This topic describes how to migrate scheduling workflows from Azure Data Factory (ADF) to DataWorks using the LHM migration tool. The process involves three steps: exporting tasks from ADF, converting the tasks, and importing the tasks into DataWorks.
1. Environment preparation
1.1. Runtime environment preparation
No. | Item | Specifications | Quantity | Notes |
1 | ECS | 4-core 16 GB or higher | 1 | CentOS or AliyunOS images are supported. |
2 | JDK 17 | |||
3 | Runtime package | Download link |
1.2. Network preparation
The VPC of the ECS instance must have Internet access.

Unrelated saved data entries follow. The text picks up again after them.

(* The set of all bicoloured noncrossing configurations (of all sizes $n\ge1$), together with the composition maps $\circ_i$ described in the context and the unique bicoloured noncrossing configuration of size $1$ as unit, forms a (nonsymmetric) operad, where the arity of a configuration is its size.
   Context: For $n\ge2$, a bicoloured noncrossing configuration (BNC) of size $n$ is a regular polygon with $n+1$ vertices numbered $1,\dots,n+1$ clockwise, together with two disjoint sets of arcs, a set of blue arcs and a set of red arcs. An arc is a pair $(i,j)$ with $1\le i<j\le n+1$. The arcs $(i,i+1)$, $1\le i\le n$, are the edges ($(i,i+1)$ is the $i$th edge), $(1,n+1)$ is the base, and all other arcs are diagonals. The required conditions are: no two coloured (blue or red) arcs cross, where $(i,j)$ and $(k,l)$ cross iff $i<k<j<l$ or $k<i<l<j$; and every red arc is a diagonal. An arc that is neither blue nor red is uncoloured. By convention there is exactly one BNC of size $1$: a segment $(1,2)$ that is blue; it serves both as its unique ($1$st) edge and as its base. Composition: let $\mathfrak C$ and $\mathfrak D$ be BNCs of sizes $n$ and $m$, and let $i\in[n]$. Then $\mathfrak E=\mathfrak C\circ_i\mathfrak D$ is the BNC of size $n+m-1$ obtained by gluing the base of $\mathfrak D$ onto the $i$th edge of $\mathfrak C$ (and reshaping into a regular polygon). Concretely, an arc $(a,b)$ of $\mathfrak C$ becomes the arc $(\sigma(a),\sigma(b))$ of $\mathfrak E$, where $\sigma(v)=v$ if $v\le i$ and $\sigma(v)=v+m-1$ if $v>i$. An arc $(a,b)$ of $\mathfrak D$ becomes $(a+i-1,b+i-1)$. All these arcs keep their colours, except the arc $(i,i+m)$ of $\mathfrak E$ (the common image of the $i$th edge of $\mathfrak C$ and the base of $\mathfrak D$). This arc is red if both the $i$th edge of $\mathfrak C$ and the base of $\mathfrak D$ are uncoloured, blue if both are blue, and uncoloured otherwise. *)

theory Defs
  imports Main
begin

record bnc =
  sz :: nat
  blue :: "(nat \<times> nat) set"
  red :: "(nat \<times> nat) set"

definition arcs :: "nat \<Rightarrow> (nat \<times> nat) set" where
  "arcs n = {(i, j). 1 \<le> i \<and> i < j \<and> j \<le> n + 1}"

definition crossing :: "nat \<times> nat \<Rightarrow> nat \<times> nat \<Rightarrow> bool" where
  "crossing p q = (case p of (i, j) \<Rightarrow> case q of (k, l) \<Rightarrow>
      (i < k \<and> k < j \<and> j < l) \<or> (k < i \<and> i < l \<and> l < j))"

text \<open>Diagonals of a polygon of size n: arcs that are neither edges (i,i+1) nor the base (1,n+1).\<close>
definition diagonals :: "nat \<Rightarrow> (nat \<times> nat) set" where
  "diagonals n = {(i, j) \<in> arcs n. j \<noteq> i + 1 \<and> (i, j) \<noteq> (1, n + 1)}"

definition bnc_unit :: bnc where
  "bnc_unit = \<lparr>sz = 1, blue = {(1, 2)}, red = {}\<rparr>"
lemma concept_eqI: "c \<in> \<M> \<Longrightarrow> d \<in> \<M> \<Longrightarrow> fst c = fst d \<Longrightarrow> c = d"
  using conceptD by (metis prod_eq_iff)

lemma cleq_antisym: "c \<in> \<M> \<Longrightarrow> d \<in> \<M> \<Longrightarrow> cleq c d \<Longrightarrow> cleq d c \<Longrightarrow> c = d"
  unfolding cleq_def by (metis concept_eqI order.antisym)

lemma down_phi: "a \<in> A \<Longrightarrow> b \<in> B \<Longrightarrow> down_map (phi a x) b = iR (\<sigma> a b) (R a b) x"
proof -
  assume a: "a \<in> A" and b: "b \<in> B"
  have "(INF a'\<in>A. iR (\<sigma> a' b) (R a' b) (phi a x a')) = iR (\<sigma> a b) (R a b) x"
  proof (rule order.antisym)
    show "(INF a'\<in>A. iR (\<sigma> a' b) (R a' b) (phi a x a')) \<le> iR (\<sigma> a b) (R a b) x"
      using a by (metis (mono_tags) INF_lower phi_def)
    show "iR (\<sigma> a b) (R a b) x \<le> (INF a'\<in>A. iR (\<sigma> a' b) (R a' b) (phi a x a'))"
      by (rule INF_greatest) (simp add: phi_def iR_bot b)
  qed
  then show ?thesis using b by (simp add: down_def)
qed

lemma extent_eq_INF_attr_concepts:
  assumes "c \<in> \<M>" and "b \<in> B"
  shows "fst c b = (INF a\<in>A. fst (attr_concept a (snd c a)) b)"
proof -
  have "fst c b = down_map (snd c) b" using conceptD[OF assms(1)] by simp
  also have "\<dots> = (INF a\<in>A. iR (\<sigma> a b) (R a b) (snd c a))" using assms(2) by (simp add: down_def)
  also have "\<dots> = (INF a\<in>A. fst (attr_concept a (snd c a)) b)"
    by (intro INF_cong) (simp_all add: down_phi assms(2))
  finally show ?thesis .
qed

1.3. Account and permission preparation
1.3.1 Using the service registration authentication method
Register an application.
Obtain a client secret.
1.3.2. Configure Azure Data Factory permissions
1.3.3. Configure blob permissions
Optional. To read file content from a blob in a node, you must grant permissions to the blob in the same way that you grant permissions for ADF service registration.
1.3.4. Configure Databricks permissions
Optional. This step is required to read external script files for Databricks nodes in ADF.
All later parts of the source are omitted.